TASK REQUIREMENTS: Write out the entries below exactly, from the first line to the one with "B(2) by auto", both ends included.

---------- MATERIAL SHOWN ----------

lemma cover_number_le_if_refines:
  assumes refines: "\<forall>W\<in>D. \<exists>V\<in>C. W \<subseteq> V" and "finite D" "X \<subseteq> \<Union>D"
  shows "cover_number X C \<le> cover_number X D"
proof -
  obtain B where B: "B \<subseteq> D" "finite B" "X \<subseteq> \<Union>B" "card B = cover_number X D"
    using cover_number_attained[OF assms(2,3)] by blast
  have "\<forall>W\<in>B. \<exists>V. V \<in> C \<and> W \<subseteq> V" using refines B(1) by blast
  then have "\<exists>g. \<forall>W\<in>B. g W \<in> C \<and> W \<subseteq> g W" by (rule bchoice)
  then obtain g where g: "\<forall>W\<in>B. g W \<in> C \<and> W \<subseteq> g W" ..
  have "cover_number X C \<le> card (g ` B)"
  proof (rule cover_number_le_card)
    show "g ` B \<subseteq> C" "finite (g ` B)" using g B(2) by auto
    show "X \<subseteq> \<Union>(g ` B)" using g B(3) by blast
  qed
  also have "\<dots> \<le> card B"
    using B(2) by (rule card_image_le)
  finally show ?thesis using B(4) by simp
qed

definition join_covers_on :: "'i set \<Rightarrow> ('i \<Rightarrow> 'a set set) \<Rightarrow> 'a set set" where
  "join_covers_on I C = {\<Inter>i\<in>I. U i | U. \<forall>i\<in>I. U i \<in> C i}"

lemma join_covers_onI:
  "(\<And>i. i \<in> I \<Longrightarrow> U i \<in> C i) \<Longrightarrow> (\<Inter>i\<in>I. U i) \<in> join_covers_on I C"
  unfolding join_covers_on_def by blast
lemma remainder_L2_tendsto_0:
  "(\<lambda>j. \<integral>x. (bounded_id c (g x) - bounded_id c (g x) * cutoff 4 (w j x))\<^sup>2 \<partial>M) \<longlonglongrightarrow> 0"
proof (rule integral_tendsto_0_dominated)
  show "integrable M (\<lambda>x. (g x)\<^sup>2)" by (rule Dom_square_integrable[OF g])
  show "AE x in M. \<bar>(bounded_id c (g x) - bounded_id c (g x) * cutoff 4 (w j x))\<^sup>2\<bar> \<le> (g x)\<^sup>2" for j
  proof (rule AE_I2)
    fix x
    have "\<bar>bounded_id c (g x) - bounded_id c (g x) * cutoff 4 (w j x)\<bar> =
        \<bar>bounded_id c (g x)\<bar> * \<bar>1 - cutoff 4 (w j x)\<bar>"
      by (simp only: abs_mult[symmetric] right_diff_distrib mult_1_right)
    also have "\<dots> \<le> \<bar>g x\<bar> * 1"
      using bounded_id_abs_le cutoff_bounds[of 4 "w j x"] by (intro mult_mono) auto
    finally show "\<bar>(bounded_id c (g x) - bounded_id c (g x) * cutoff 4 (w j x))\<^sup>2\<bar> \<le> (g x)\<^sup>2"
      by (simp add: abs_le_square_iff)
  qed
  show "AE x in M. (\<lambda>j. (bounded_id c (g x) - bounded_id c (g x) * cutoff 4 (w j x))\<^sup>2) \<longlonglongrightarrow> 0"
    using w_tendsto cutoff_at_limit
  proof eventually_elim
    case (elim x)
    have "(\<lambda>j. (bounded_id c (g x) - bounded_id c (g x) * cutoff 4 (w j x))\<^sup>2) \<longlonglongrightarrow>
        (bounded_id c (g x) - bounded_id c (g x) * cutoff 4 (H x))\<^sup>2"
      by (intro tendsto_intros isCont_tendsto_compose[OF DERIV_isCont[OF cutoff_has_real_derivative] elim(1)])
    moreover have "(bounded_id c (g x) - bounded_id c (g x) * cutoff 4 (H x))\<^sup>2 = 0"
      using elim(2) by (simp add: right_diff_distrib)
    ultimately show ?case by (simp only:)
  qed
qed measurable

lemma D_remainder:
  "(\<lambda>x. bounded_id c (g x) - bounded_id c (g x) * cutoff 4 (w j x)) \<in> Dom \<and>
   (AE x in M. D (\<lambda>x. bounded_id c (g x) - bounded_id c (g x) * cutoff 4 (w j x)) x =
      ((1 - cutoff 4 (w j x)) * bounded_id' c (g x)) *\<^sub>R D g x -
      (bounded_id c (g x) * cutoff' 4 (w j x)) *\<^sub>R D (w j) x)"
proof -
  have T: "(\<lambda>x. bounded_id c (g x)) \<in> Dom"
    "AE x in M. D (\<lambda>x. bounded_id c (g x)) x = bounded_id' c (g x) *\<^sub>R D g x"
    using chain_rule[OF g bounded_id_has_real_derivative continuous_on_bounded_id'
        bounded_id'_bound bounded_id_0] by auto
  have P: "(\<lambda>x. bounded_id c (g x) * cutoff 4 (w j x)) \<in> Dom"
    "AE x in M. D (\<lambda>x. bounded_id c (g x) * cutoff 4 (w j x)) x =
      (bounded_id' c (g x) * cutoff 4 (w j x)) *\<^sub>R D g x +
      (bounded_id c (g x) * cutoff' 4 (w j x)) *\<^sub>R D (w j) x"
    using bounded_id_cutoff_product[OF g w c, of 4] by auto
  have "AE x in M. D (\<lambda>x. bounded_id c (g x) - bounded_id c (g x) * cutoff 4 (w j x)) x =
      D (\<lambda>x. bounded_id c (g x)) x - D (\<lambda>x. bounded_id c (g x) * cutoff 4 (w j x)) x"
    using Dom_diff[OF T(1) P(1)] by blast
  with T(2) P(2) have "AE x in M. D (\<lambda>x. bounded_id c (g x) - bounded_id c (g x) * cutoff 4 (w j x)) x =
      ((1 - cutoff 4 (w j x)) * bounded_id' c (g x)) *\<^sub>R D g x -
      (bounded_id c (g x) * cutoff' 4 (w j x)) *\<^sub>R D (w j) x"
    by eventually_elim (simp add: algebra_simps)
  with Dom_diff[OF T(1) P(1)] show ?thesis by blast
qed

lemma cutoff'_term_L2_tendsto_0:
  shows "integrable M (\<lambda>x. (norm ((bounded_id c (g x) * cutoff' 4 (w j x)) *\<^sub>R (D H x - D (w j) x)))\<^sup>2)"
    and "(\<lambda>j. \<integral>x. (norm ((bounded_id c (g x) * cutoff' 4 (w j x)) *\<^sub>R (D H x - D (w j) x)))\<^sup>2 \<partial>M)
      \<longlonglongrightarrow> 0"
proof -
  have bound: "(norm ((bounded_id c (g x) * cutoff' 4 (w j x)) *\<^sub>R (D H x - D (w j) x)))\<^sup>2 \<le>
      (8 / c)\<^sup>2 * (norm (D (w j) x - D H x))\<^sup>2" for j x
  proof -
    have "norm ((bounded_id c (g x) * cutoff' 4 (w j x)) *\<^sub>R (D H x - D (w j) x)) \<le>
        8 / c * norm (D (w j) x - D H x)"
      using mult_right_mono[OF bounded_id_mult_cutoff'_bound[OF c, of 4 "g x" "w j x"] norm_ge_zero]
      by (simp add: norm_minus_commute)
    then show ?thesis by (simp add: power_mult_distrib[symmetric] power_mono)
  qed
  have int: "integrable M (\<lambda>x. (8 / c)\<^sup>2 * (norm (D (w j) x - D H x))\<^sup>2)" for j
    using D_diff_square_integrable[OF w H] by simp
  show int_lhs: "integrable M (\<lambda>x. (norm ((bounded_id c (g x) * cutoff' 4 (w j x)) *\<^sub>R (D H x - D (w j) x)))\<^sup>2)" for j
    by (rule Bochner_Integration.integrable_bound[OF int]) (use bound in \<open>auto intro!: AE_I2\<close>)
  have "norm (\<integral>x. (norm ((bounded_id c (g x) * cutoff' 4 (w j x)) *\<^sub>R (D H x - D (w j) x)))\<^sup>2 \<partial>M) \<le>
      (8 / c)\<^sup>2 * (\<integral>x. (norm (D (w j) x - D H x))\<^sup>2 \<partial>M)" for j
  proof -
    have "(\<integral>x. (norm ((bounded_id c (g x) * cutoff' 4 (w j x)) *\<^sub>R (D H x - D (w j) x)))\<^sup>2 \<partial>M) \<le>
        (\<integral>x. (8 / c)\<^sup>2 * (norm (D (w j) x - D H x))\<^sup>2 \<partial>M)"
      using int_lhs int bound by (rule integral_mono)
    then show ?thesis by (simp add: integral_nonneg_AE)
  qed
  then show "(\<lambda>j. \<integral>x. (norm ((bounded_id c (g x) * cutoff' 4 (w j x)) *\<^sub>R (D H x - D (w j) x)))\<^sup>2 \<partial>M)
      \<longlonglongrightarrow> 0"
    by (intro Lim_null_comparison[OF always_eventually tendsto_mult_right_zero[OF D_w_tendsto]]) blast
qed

----------

YOUR SOLUTION:
lemma cover_number_le_if_refines:
  assumes refines: "\<forall>W\<in>D. \<exists>V\<in>C. W \<subseteq> V" and "finite D" "X \<subseteq> \<Union>D"
  shows "cover_number X C \<le> cover_number X D"
proof -
  obtain B where B: "B \<subseteq> D" "finite B" "X \<subseteq> \<Union>B" "card B = cover_number X D"
    using cover_number_attained[OF assms(2,3)] by blast
  have "\<forall>W\<in>B. \<exists>V. V \<in> C \<and> W \<subseteq> V" using refines B(1) by blast
  then have "\<exists>g. \<forall>W\<in>B. g W \<in> C \<and> W \<subseteq> g W" by (rule bchoice)
  then obtain g where g: "\<forall>W\<in>B. g W \<in> C \<and> W \<subseteq> g W" ..
  have "cover_number X C \<le> card (g ` B)"
  proof (rule cover_number_le_card)
    show "g ` B \<subseteq> C" "finite (g ` B)" using g B(2) by auto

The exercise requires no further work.